» Extracted data
lemma coordinate_functionals:
  fixes B :: "'a::real_vector set"
  assumes "finite B" "independent B"
  obtains coord :: "'a \<Rightarrow> 'a \<Rightarrow> real"
  where "\<And>b. b \<in> B \<Longrightarrow> linear (coord b)" "\<And>v. v \<in> span B \<Longrightarrow> v = (\<Sum>b\<in>B. coord b v *\<^sub>R b)"
proof -
  have "\<forall>b. \<exists>f :: 'a \<Rightarrow> real. linear f \<and> (\<forall>b'\<in>B. f b' = (if b' = b then 1 else 0))"
  proof
    fix b
    show "\<exists>f :: 'a \<Rightarrow> real. linear f \<and> (\<forall>b'\<in>B. f b' = (if b' = b then 1 else 0))"
      using linear_independent_extend[OF \<open>independent B\<close>, of "\<lambda>b'. if b' = b then 1 else 0"] by blast
  qed
  from choice[OF this] obtain coord :: "'a \<Rightarrow> 'a \<Rightarrow> real" where coord: "\<And>b. linear (coord b)"
    and dual: "\<And>b b'. b' \<in> B \<Longrightarrow> coord b b' = (if b' = b then 1 else 0)"
    by blast
  have "v = (\<Sum>b\<in>B. coord b v *\<^sub>R b)" if "v \<in> span B" for v
  proof -
    obtain u where u: "v = (\<Sum>b\<in>B. u b *\<^sub>R b)"
      using \<open>v \<in> span B\<close> span_finite[OF \<open>finite B\<close>] by auto
    have "coord b v = (\<Sum>b'\<in>B. u b' * coord b b')" for b
      unfolding u using coord[of b] by (simp add: linear_sum linear_scale)
    then have "coord b v = u b" if "b \<in> B" for b
      using that \<open>finite B\<close> by (simp add: dual if_distrib cong: if_cong)
    then show ?thesis
      unfolding u by (intro sum.cong) auto
  qed
  with coord show thesis by (rule that)
qed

» Your objective
Search the listing above for "thesis" and copy every line that has it.

» Response area
    then show ?thesis
  with coord show thesis by (rule that)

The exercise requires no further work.